● TASK ITEM:
Only those lines in the data below from the line containing "in \<forall>g\<in>K. \<forall>h\<in>K." through the line containing "x = generate", both included, should be restated word for word.

>>>

(* Let $G=\langle A\cup B\rangle$ be a CS group with $|X|\ge2$ whose rooted group $A$ is perfect and contains an element $a$ acting transitively on $X$. Then $G$ is not orbitwise-abelian, and for every generating set $S$ of $B$ the dynamical system $\Sigma_S$ is not eventually trivial; more precisely $A\subseteq\sigma_S(a,0)$, so $a\in\Sigma_S^k(\{a\})$ for all $k\ge1$.
   Context: Let $X$ be a nonempty set with distinguished letter $0$, $\dot X=X\setminus\{0\}$; $X^*$ is the free monoid on $X$ viewed as a rooted tree; $\mathrm{Aut}(X^* )$ acts on the right; sections are defined by $(u\star v).g=u.g\star v.(g|_u)$; elements of $\mathrm{Sym}(X)$ are rooted automorphisms; $\mathrm{St}(1)$ is the first layer stabiliser. A CS group is $G=\langle A\cup B\rangle$ with $A\le\mathrm{Sym}(X)$ transitive and $B\le\mathrm{St}(1)$ such that $b|_0=b$ for $b\in B$ and the $b|_x$ ($b\in B$, $x\in\dot X$) lie in $A$ and generate $A$. $\mathrm{st}_A(0)$ is the stabiliser of $0$; $\mathrm{orb}_c(0)$ the $\langle c\rangle$-orbit of $0$, $\ell_c(0)$ its length. $G$ is orbitwise-abelian if for every $a\in A$ the group $\langle b|_{0.c}:c\in\langle a\rangle\setminus\mathrm{st}_A(0),b\in B\rangle$ is abelian. $\mathrm{mp}_A(0,x)=\{c\in A:0.c=x\}$; $\mathfrak C(a,x)=\{cac^{-1}:c\in\mathrm{mp}_A(0,x)\}$; $\mathfrak X(a,x)=\bigcup_{c\in\mathfrak C(a,x)}\mathrm{orb}_c(0)\setminus\{0\}$. For $S\subseteq B$: $H_S(a,x)=\langle b|_y:y\in\mathfrak X(a,x),b\in S\rangle$, $\sigma_S(a,x)=\langle b|_{0.c}b|_{0.c^2}\cdots b|_{0.c^{\ell_c(0)-1}}:c\in\mathfrak C(a,x),b\in S\rangle\cdot H_S(a,x)'$ (derived subgroup), $\Sigma_S(P)=\bigcup_{a\in P}\bigcup_{x\in X}\sigma_S(a,x)$; eventually trivial: for every $a$ there is $n$ with $\Sigma_S^m(\{a\})\subseteq\{1_A\}$ for all $m>n$. *)

theory Defs
  imports "HOL-Algebra.Algebra"
begin

(* The alphabet X is the (finite) type 'x; words X^* are lists; tree automorphisms
   are length- and prefix-preserving bijections of 'x list.  Action is on the right,
   so the group product g \<otimes> h means "first g, then h", i.e. h \<circ> g. *)

definition tree_aut :: "('x list \<Rightarrow> 'x list) \<Rightarrow> bool" where
  "tree_aut g \<longleftrightarrow> bij g \<and> (\<forall>u. length (g u) = length u)
     \<and> (\<forall>u v. take (length u) (g (u @ v)) = g u)"

definition AutT :: "('x list \<Rightarrow> 'x list) monoid" where
  "AutT = \<lparr>carrier = {g. tree_aut g}, monoid.mult = (\<lambda>g h. h \<circ> g), one = id\<rparr>"

(* section g|_u, defined by (u v).g = u.g (v.(g|_u)) *)
definition sect :: "('x list \<Rightarrow> 'x list) \<Rightarrow> 'x list \<Rightarrow> ('x list \<Rightarrow> 'x list)" where
  "sect g u = (\<lambda>v. drop (length u) (g (u @ v)))"

definition lact :: "'x \<Rightarrow> ('x list \<Rightarrow> 'x list) \<Rightarrow> 'x" where
  "lact x g = hd (g [x])"

(* rooted automorphisms = Sym(X) embedded in Aut(X^* ) *)
definition rooted :: "('x list \<Rightarrow> 'x list) \<Rightarrow> bool" where
  "rooted g \<longleftrightarrow> tree_aut g \<and> (\<forall>x w. g (x # w) = lact x g # w)"

definition St1 :: "('x list \<Rightarrow> 'x list) set" where
  "St1 = {g. tree_aut g \<and> (\<forall>x. g [x] = [x])}"

definition CS_group :: "'x \<Rightarrow> ('x list \<Rightarrow> 'x list) set \<Rightarrow> ('x list \<Rightarrow> 'x list) set \<Rightarrow> bool" where
  "CS_group x0 A B \<longleftrightarrow>
     subgroup A AutT \<and> (\<forall>g\<in>A. rooted g) \<and> (\<forall>x y. \<exists>c\<in>A. lact x c = y) \<and>
     subgroup B AutT \<and> B \<subseteq> St1 \<and>
     (\<forall>b\<in>B. sect b [x0] = b) \<and>
     (\<forall>b\<in>B. \<forall>x. x \<noteq> x0 \<longrightarrow> sect b [x] \<in> A) \<and>
     generate AutT {sect b [x] | b x. b \<in> B \<and> x \<noteq> x0} = A"

definition stA :: "'x \<Rightarrow> ('x list \<Rightarrow> 'x list) set \<Rightarrow> ('x list \<Rightarrow> 'x list) set" where
  "stA x0 A = {c \<in> A. lact x0 c = x0}"

definition orb :: "('x list \<Rightarrow> 'x list) \<Rightarrow> 'x \<Rightarrow> 'x set" where
  "orb c x0 = {lact x0 (c [^]\<^bsub>AutT\<^esub> (n::int)) | n. True}"

definition ell :: "('x list \<Rightarrow> 'x list) \<Rightarrow> 'x \<Rightarrow> nat" where
  "ell c x0 = card (orb c x0)"

definition orbitwise_abelian :: "'x \<Rightarrow> ('x list \<Rightarrow> 'x list) set \<Rightarrow> ('x list \<Rightarrow> 'x list) set \<Rightarrow> bool" where
  "orbitwise_abelian x0 A B \<longleftrightarrow>
     (\<forall>a\<in>A. let K = generate AutT {sect b [lact x0 c] | b c.
                  c \<in> generate AutT {a} - stA x0 A \<and> b \<in> B}
             in \<forall>g\<in>K. \<forall>h\<in>K. g \<otimes>\<^bsub>AutT\<^esub> h = h \<otimes>\<^bsub>AutT\<^esub> g)"

definition mpA :: "'x \<Rightarrow> ('x list \<Rightarrow> 'x list) set \<Rightarrow> 'x \<Rightarrow> ('x list \<Rightarrow> 'x list) set" where
  "mpA x0 A x = {c \<in> A. lact x0 c = x}"

definition Cset :: "'x \<Rightarrow> ('x list \<Rightarrow> 'x list) set \<Rightarrow> ('x list \<Rightarrow> 'x list) \<Rightarrow> 'x \<Rightarrow> ('x list \<Rightarrow> 'x list) set" where
  "Cset x0 A a x = {c \<otimes>\<^bsub>AutT\<^esub> a \<otimes>\<^bsub>AutT\<^esub> inv\<^bsub>AutT\<^esub> c | c. c \<in> mpA x0 A x}"

definition Xset :: "'x \<Rightarrow> ('x list \<Rightarrow> 'x list) set \<Rightarrow> ('x list \<Rightarrow> 'x list) \<Rightarrow> 'x \<Rightarrow> 'x set" where
  "Xset x0 A a x = (\<Union>c\<in>Cset x0 A a x. orb c x0 - {x0})"

definition HS :: "'x \<Rightarrow> ('x list \<Rightarrow> 'x list) set \<Rightarrow> ('x list \<Rightarrow> 'x list) set \<Rightarrow> ('x list \<Rightarrow> 'x list) \<Rightarrow> 'x \<Rightarrow> ('x list \<Rightarrow> 'x list) set" where
  "HS x0 A S a x = generate AutT {sect b [y] | y b. y \<in> Xset x0 A a x \<and> b \<in> S}"

definition orbprod :: "'x \<Rightarrow> ('x list \<Rightarrow> 'x list) \<Rightarrow> ('x list \<Rightarrow> 'x list) \<Rightarrow> ('x list \<Rightarrow> 'x list)" where
  "orbprod x0 c b = foldl (\<lambda>acc i. acc \<otimes>\<^bsub>AutT\<^esub> sect b [lact x0 (c [^]\<^bsub>AutT\<^esub> (i::nat))])
                      \<one>\<^bsub>AutT\<^esub> [1..<ell c x0]"

definition sigmaS :: "'x \<Rightarrow> ('x list \<Rightarrow> 'x list) set \<Rightarrow> ('x list \<Rightarrow> 'x list) set \<Rightarrow> ('x list \<Rightarrow> 'x list) \<Rightarrow> 'x \<Rightarrow> ('x list \<Rightarrow> 'x list) set" where
  "sigmaS x0 A S a x =
     generate AutT {orbprod x0 c b | c b. c \<in> Cset x0 A a x \<and> b \<in> S}
       <#>\<^bsub>AutT\<^esub> derived AutT (HS x0 A S a x)"

definition SigmaS :: "'x \<Rightarrow> ('x list \<Rightarrow> 'x list) set \<Rightarrow> ('x list \<Rightarrow> 'x list) set \<Rightarrow> ('x list \<Rightarrow> 'x list) set \<Rightarrow> ('x list \<Rightarrow> 'x list) set" where
  "SigmaS x0 A S P = (\<Union>a\<in>P. \<Union>x. sigmaS x0 A S a x)"

definition eventually_trivial :: "'x \<Rightarrow> ('x list \<Rightarrow> 'x list) set \<Rightarrow> ('x list \<Rightarrow> 'x list) set \<Rightarrow> bool" where
  "eventually_trivial x0 A S \<longleftrightarrow>
     (\<forall>a\<in>A. \<exists>n. \<forall>m>n. (SigmaS x0 A S ^^ m) {a} \<subseteq> {\<one>\<^bsub>AutT\<^esub>})"

end

theory Submission
  imports Defs
begin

<<<

● OUTPUT FOR THIS EXERCISE:
             in \<forall>g\<in>K. \<forall>h\<in>K. g \<otimes>\<^bsub>AutT\<^esub> h = h \<otimes>\<^bsub>AutT\<^esub> g)"

definition mpA :: "'x \<Rightarrow> ('x list \<Rightarrow> 'x list) set \<Rightarrow> 'x \<Rightarrow> ('x list \<Rightarrow> 'x list) set" where
  "mpA x0 A x = {c \<in> A. lact x0 c = x}"

definition Cset :: "'x \<Rightarrow> ('x list \<Rightarrow> 'x list) set \<Rightarrow> ('x list \<Rightarrow> 'x list) \<Rightarrow> 'x \<Rightarrow> ('x list \<Rightarrow> 'x list) set" where
  "Cset x0 A a x = {c \<otimes>\<^bsub>AutT\<^esub> a \<otimes>\<^bsub>AutT\<^esub> inv\<^bsub>AutT\<^esub> c | c. c \<in> mpA x0 A x}"

definition Xset :: "'x \<Rightarrow> ('x list \<Rightarrow> 'x list) set \<Rightarrow> ('x list \<Rightarrow> 'x list) \<Rightarrow> 'x \<Rightarrow> 'x set" where
  "Xset x0 A a x = (\<Union>c\<in>Cset x0 A a x. orb c x0 - {x0})"

definition HS :: "'x \<Rightarrow> ('x list \<Rightarrow> 'x list) set \<Rightarrow> ('x list \<Rightarrow> 'x list) set \<Rightarrow> ('x list \<Rightarrow> 'x list) \<Rightarrow> 'x \<Rightarrow> ('x list \<Rightarrow> 'x list) set" where
  "HS x0 A S a x = generate AutT {sect b [y] | y b. y \<in> Xset x0 A a x \<and> b \<in> S}"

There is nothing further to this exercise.